_Description of the task_
Give back the lines of the records exactly, starting at the first and ending at the one with "tree_iso PXY Q)".

(Saved entries)
********
theorem theorem4p5:
  fixes S :: "'a set"
  shows
    \<comment> \<open>multiplication: overline(X x Y) = overline(X) overline(Y) = overline(overline X x overline Y)\<close>
    "(\<forall>(X::('v,'a) tree) (Y::('w,'a) tree) PX PY PXY Q.
        sigma_tree S X \<and> sigma_tree S Y \<and>
        is_pruned_retract PX X \<and> is_pruned_retract PY Y \<and>
        is_pruned_retract PXY (tprod X Y) \<and> is_pruned_retract Q (tprod PX PY)
        \<longrightarrow> tree_iso PXY Q)
   \<and> \<comment> \<open>(+): overline(X^(+)) = overline(X)^+\<close>
    (\<forall>(X::('v,'a) tree) PX P Q.
        sigma_tree S X \<and> is_pruned_retract PX X \<and>
        is_pruned_retract P (tplus X) \<and> is_pruned_retract Q (tplus PX)
        \<longrightarrow> tree_iso P Q)
   \<and> \<comment> \<open>(*): overline(X^( * )) = overline(X)^*\<close>
    (\<forall>(X::('v,'a) tree) PX P Q.
        sigma_tree S X \<and> is_pruned_retract PX X \<and>
        is_pruned_retract P (tstar X) \<and> is_pruned_retract Q (tstar PX)
        \<longrightarrow> tree_iso P Q)
   \<and> \<comment> \<open>identity: the trivial tree is sent to the trivial tree\<close>
    (\<forall>(v::'v) P. is_pruned_retract P (trivial_tree v :: ('v,'a) tree)
        \<longrightarrow> tree_iso P (trivial_tree v :: ('v,'a) tree))
   \<and> \<comment> \<open>surjectivity: every pruned Sigma-tree is (up to iso) the pruning of some Sigma-tree\<close>
    (\<forall>T::('v,'a) tree. sigma_tree S T \<and> pruned T \<longrightarrow>
        (\<exists>X::('v,'a) tree. sigma_tree S X \<and> (\<exists>P. is_pruned_retract P X \<and> tree_iso P T)))"
proof (intro conjI allI impI)
  have retract: "wf_tree X \<and> wf_tree PX \<and> hom_equiv X PX"
    if "sigma_tree S X" "is_pruned_retract PX X" for X :: "('u, 'a) tree" and PX
    using that sigma_tree_imp_wf_tree wf_tree_retract hom_equiv_retract
    unfolding is_pruned_retract_def by blast
  show "tree_iso PXY Q"
    if "sigma_tree S X \<and> sigma_tree S Y \<and> is_pruned_retract PX X \<and> is_pruned_retract PY Y \<and>
        is_pruned_retract PXY (tprod X Y) \<and> is_pruned_retract Q (tprod PX PY)"
    for X :: "('v, 'a) tree" and Y :: "('w, 'a) tree" and PX PY PXY Q
    using that retract[of X PX] retract[of Y PY]
      tree_iso_pruned_retracts_if_hom_equiv[of "tprod X Y" "tprod PX PY"]
    by (simp add: wf_tree_tprod hom_equiv_tprod)
  show "tree_iso P Q"
    if "sigma_tree S X \<and> is_pruned_retract PX X \<and>
        is_pruned_retract P (tplus X) \<and> is_pruned_retract Q (tplus PX)"
    for X :: "('v, 'a) tree" and PX P Q
    using that retract[of X PX] tree_iso_pruned_retracts_if_hom_equiv[of "tplus X" "tplus PX"]
    by (simp add: wf_tree_tplus hom_equiv_tplus)
  show "tree_iso P Q"
    if "sigma_tree S X \<and> is_pruned_retract PX X \<and>
        is_pruned_retract P (tstar X) \<and> is_pruned_retract Q (tstar PX)"
    for X :: "('v, 'a) tree" and PX P Q
    using that retract[of X PX] tree_iso_pruned_retracts_if_hom_equiv[of "tstar X" "tstar PX"]
    by (simp add: wf_tree_tstar hom_equiv_tstar)
  show "tree_iso P (trivial_tree v)" if "is_pruned_retract P (trivial_tree v :: ('v, 'a) tree)" for v P
    by (rule tree_iso_pruned_retracts_if_hom_equiv[OF wf_tree_trivial_tree wf_tree_trivial_tree
        hom_equiv_refl that is_pruned_retract_refl[OF pruned_trivial_tree]])
  show "\<exists>X :: ('v, 'a) tree. sigma_tree S X \<and> (\<exists>P. is_pruned_retract P X \<and> tree_iso P T)"
    if "sigma_tree S T \<and> pruned T" for T :: "('v, 'a) tree"
  proof -
    have "is_pruned_retract T T" "wf_tree T"
      using that is_pruned_retract_refl sigma_tree_imp_wf_tree by blast+
    then have "tree_iso T T"
      using tree_iso_pruned_retracts_if_hom_equiv[OF _ _ hom_equiv_refl] by blast
    with that \<open>is_pruned_retract T T\<close> show ?thesis
      by blast
  qed
qed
********
_Worked solution_
theorem theorem4p5:
  fixes S :: "'a set"
  shows
    \<comment> \<open>multiplication: overline(X x Y) = overline(X) overline(Y) = overline(overline X x overline Y)\<close>
    "(\<forall>(X::('v,'a) tree) (Y::('w,'a) tree) PX PY PXY Q.
        sigma_tree S X \<and> sigma_tree S Y \<and>
        is_pruned_retract PX X \<and> is_pruned_retract PY Y \<and>
        is_pruned_retract PXY (tprod X Y) \<and> is_pruned_retract Q (tprod PX PY)
        \<longrightarrow> tree_iso PXY Q)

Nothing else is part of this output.